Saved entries
(* Let $G$ be a locally compact, compactly generated group and let $N$ be a compact normal subgroup of $G$. Then $\alpha^*_2(G/N)=\alpha^*_2(G)$, where $G/N$ carries the length $\overline{a}\mapsto\inf_{g\in\overline{a}} l(g)$ induced from the word length $l$ of $G$ relative to a compact generating subset.
   Context: For a locally compact compactly generated group $H$ with word length metric $d$ relative to a compact generating subset, $\alpha^*_2(H)$ denotes its equivariant Hilbert space compression: the supremum of $r\in[0,1]$ such that there exist a continuous affine isometric action of $H$ on a Hilbert space with associated $1$-cocycle $b$ (i.e. $b(h)$ is the image of $0$ under $h$) and constants $C,D>0$ with $\frac1C d(g,h)^r-D\leq\|b(g)-b(h)\|\leq C d(g,h)$ for all $g,h\in H$. *)

theory Defs
  imports "HOL-Analysis.Analysis"
begin

text \<open>Groups are written additively (class group_add, not assumed commutative):
  the group law is +, the identity is 0, inverses are given by uminus.\<close>

definition words :: "'a::group_add set \<Rightarrow> nat \<Rightarrow> 'a set" where
  "words S n = {sum_list xs | xs. length xs \<le> n \<and> set xs \<subseteq> S \<union> uminus ` S}"

definition generating_set :: "'a::group_add set \<Rightarrow> bool" where
  "generating_set S \<longleftrightarrow> (\<forall>g. \<exists>n. g \<in> words S n)"

definition word_length :: "'a::group_add set \<Rightarrow> 'a \<Rightarrow> real" where
  "word_length S g = real (LEAST n. g \<in> words S n)"

definition word_metric :: "'a::group_add set \<Rightarrow> 'a \<Rightarrow> 'a \<Rightarrow> real" where
  "word_metric S g h = word_length S (- g + h)"

definition affine_isometric_action ::
  "('g::{topological_space, group_add} \<Rightarrow> 'v::{real_inner, complete_space} \<Rightarrow> 'v) \<Rightarrow> bool" where
  "affine_isometric_action A \<longleftrightarrow>
     (\<forall>g h. A (g + h) = A g \<circ> A h) \<and> A 0 = id \<and>
     (\<forall>g x y. dist (A g x) (A g y) = dist x y) \<and>
     (\<forall>x. continuous_on UNIV (\<lambda>g. A g x))"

> [TASK INSTRUCTIONS]: Repeat the line that contains "(\<forall>g h. A", then every line after it until the records end, with nothing added.

> [FINISHED EXERCISE]:
     (\<forall>g h. A (g + h) = A g \<circ> A h) \<and> A 0 = id \<and>
     (\<forall>g x y. dist (A g x) (A g y) = dist x y) \<and>
     (\<forall>x. continuous_on UNIV (\<lambda>g. A g x))"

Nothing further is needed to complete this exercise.